What are External Indicators for Testing Impairment?
- Observable indications (market price)
- Significant changes with an adverse effect in tech, market, economic, or legal environment
- Increase in interest (discount) rate – affected “value in use”
- Net assets of the entity exceed market capitalisation
What are Internal Indicators for Testing Impairment?
- Physical damage
- Significant changes in business that effects how asset is used
- Poor economic performance
What is the Impairment Test?
Compare carrying amount with recoverable amount.
If RA > CA, no impairment.
If CA > RA, impairment loss where asset is written down to that lower cost.
What is the Carrying Amount?
Amount at which an asset is currently valued in financial statement.
After accumulated depreciation and previous impairment charges.
What is the Recoverable Amount?
Fair value – cost to sell,
* Fair value is price received if sold.
* If there is an active market, check market price.
* Estimate cost to sell.
Value in use (VIU),
* Present value of future cash flows obtainable as a result of assets continued use (including ultimate disposal).
What are the Issues with Impairment?
Difficult to make reliable estimates of values:
* Understanding impact of changes in market
* Net realisable values
* Estimates of future cash flows (derived from future sales volumes/selling prices/direct input costs, etc…)
* Discount factors for use in PV calculations.
What is the Accounting Treatment of Impairment Losses Under IAS 36?
Asset write-down expensed in SoPL as impairment loss. If asset is carried at revalued amount:
1. Debit impairment loss to revaluation reserve, up to any credit balance previously existing in revaluation reserve for same asset.
2. Any excess impairment loss is recognised as expense in P/L.
What is the Formula for Impairment of Assets?
Impairment of Assets = Accounting for Impairment - Depreciation and Amortisation
How should Depreciation be Charged After Impairment Loss has been Recognised?
Depreciation charge for asset shall be adjusted in future periods to allocate asset’s revised carrying amount – residual value (if any), on a systematic basis over its remaining useful life.
How do Reversal of Impairment Losses work Under IAS 36?
End of period, must check whether previous impairment losses have decreased or no longer exist.
Impairment losses for goodwill cannot be reversed.
Asset’s increased carrying amount shouldn’t exceed pre-impairment amount, excess treated as revaluation surplus. Reversal usually recognised as income on SoPL.
What are Cash Generating Units?
CGU include the smallest identifiable group of assets that generate cash inflows that are largely independent of cash flows from other assets or groups of assets.
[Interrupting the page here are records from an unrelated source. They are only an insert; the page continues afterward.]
lemma cellular_not_constant:
  assumes "cellular N M s" "0 < M" "c \<noteq> SX"
  shows "\<exists>i<length s. s ! i \<noteq> c"
proof (rule ccontr)
  assume const: "\<not> ?thesis"
  obtain c' where c': "c' \<noteq> c" "c' \<noteq> SX"
    using \<open>c \<noteq> SX\<close> by (cases c) auto
  have "s \<noteq> []"
    using cellular_num_blocks[OF assms(1) \<open>c \<noteq> SX\<close>] \<open>0 < M\<close>
    by (auto simp: num_blocks_def)
  then have "\<exists>i<length s. s ! i \<noteq> c'"
    using const c'(1) by (intro exI[of _ 0]) auto
  then have "num_blocks c' s = card (block_starts c' s)"
    by (rule num_blocks_eq_card_block_starts)
  also have "block_starts c' s = {}"
    using const c' by (auto simp: block_starts_def cyc_nth)
  finally show False
    using cellular_num_blocks[OF assms(1) c'(2)] \<open>0 < M\<close> by simp
qed

lemma cellular_card_block_starts:
  "cellular N M s \<Longrightarrow> 0 < M \<Longrightarrow> c \<noteq> SX \<Longrightarrow> card (block_starts c s) = M"
  using num_blocks_eq_card_block_starts cellular_not_constant cellular_num_blocks by metis

lemma cellular_card_occurrences_ge:
  assumes "cellular N M s" "0 < M" "c \<noteq> SX"
  shows "M \<le> card (occurrences c s)"
  using card_mono[OF finite_occurrences block_starts_subset_occurrences, of c s]
    cellular_card_block_starts[OF assms] by simp

lemma cellular_dimension_le:
  assumes "cellular N M s" "0 < M"
  shows "dimension s + 2 * M \<le> N"
  using card_occurrences_sum[of s] cellular_length[OF assms(1)]
    cellular_card_occurrences_ge[OF assms, of B0] cellular_card_occurrences_ge[OF assms, of B1]
  by (simp add: dimension_eq_card_occurrences)

lemma str_less_dimension_less:
  assumes "str_less s t"
  shows "dimension s < dimension t"
proof -
  have len: "length s = length t" and step: "\<forall>i<length t. s ! i = t ! i \<or> s ! i \<noteq> SX \<and> t ! i = SX"
    using assms by (auto simp: str_less_def)
  obtain k where k: "k < length t" "s ! k \<noteq> t ! k"
    using assms len nth_equalityI by (metis str_less_def)
  have "occurrences SX s \<subset> occurrences SX t"
    using len step k by (force simp: occurrences_def)
  then show ?thesis
    by (simp add: dimension_eq_card_occurrences psubset_card_mono occurrences_def)
qed

definition long_block_end :: "sym list \<Rightarrow> nat \<Rightarrow> bool" where
  "long_block_end s j \<longleftrightarrow>
     j < length s \<and> cyc s (j + length s - 1) = s ! j \<and> cyc s (j + 1) \<noteq> s ! j"

lemma long_block_end_length: "long_block_end s j \<Longrightarrow> 2 \<le> length s"
  by (cases "length s = 1") (auto simp: long_block_end_def cyc_def)

lemma exists_long_block_end:
  assumes not_const: "\<exists>i<length s. s ! i \<noteq> c"
    and more: "card (block_starts c s) < card (occurrences c s)"
  shows "\<exists>j. long_block_end s j \<and> s ! j = c"
proof (rule ccontr)
  assume no_end: "\<not> ?thesis"
  define n where "n = length s"
  have "\<not> occurrences c s \<subseteq> block_starts c s"
    using more card_mono[of "block_starts c s" "occurrences c s"]
    by (auto simp: block_starts_def)
  then obtain j0 where j0: "j0 < n" "cyc s j0 = c" "cyc s (j0 + n - 1) = c"
    by (auto simp: occurrences_def block_starts_def cyc_nth n_def)
  have step: "cyc s (i + 1) = c" if "cyc s i = c" "cyc s (i + n - 1) = c" for i
  proof -
    have i: "i mod n < n"
      using j0(1) by simp
    then have "s ! (i mod n) = c"
      using that(1) cyc_mod[of s i] cyc_nth[of "i mod n" s] by (simp add: n_def)
    moreover have "cyc s (i mod n + n - 1) = c"
      using that(2) cyc_mod_add[of s i "n - 1"] j0(1) by (simp add: n_def)
    moreover have "\<not> long_block_end s (i mod n)"
      using no_end \<open>s ! (i mod n) = c\<close> by blast
    ultimately have "cyc s (i mod n + 1) = c"
      using i by (simp add: long_block_end_def n_def)
    then show ?thesis
      using cyc_mod_add[of s i 1] by (simp add: n_def)
  qed
  have run: "cyc s (j0 + k) = c \<and> cyc s (j0 + k + n - 1) = c" for k
  proof (induction k)
    case (Suc k)
    then show ?case
      using step[of "j0 + k"] cyc_add_length[of s "j0 + k"] j0(1) by (simp add: n_def)
  qed (use j0 in simp)
  have "s ! i = c" if "i < n" for i
    using run[of "i + n - j0"] cyc_add_length[of s i] cyc_nth[of i s] that j0(1)
    by (simp add: n_def)
  then show False
    using not_const by (auto simp: n_def)
qed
What are the Rules for Recoverable Amount and Carrying Amount of CGU?
Impairment loss recognised if CGU’s recoverable < CA.
Only include CA of assets directly attributed to CGU.
Exclude CA of CGU’s liabilities unless RA cannot be determined without these liabilities.
What Assets must be Allocated Amongst more than One CGU?
Goodwill
Corporate Assets
How are Impairment Losses Allocated for CGU?
If CGUs RA < CA, impairment loss allocated between CGUs assets:
* Against any goodwill allocated to CGU.
* Other assets of CGU in proportion to their carrying amounts
And CA of asset shouldn’t be reduced below the highest of:
* Assets FV – cost of disposal
* Assets value in use
* 0
- If above restrictions apply, impairment loss that would be allocated to asset is allocated pro-rata between other assets of the CGU.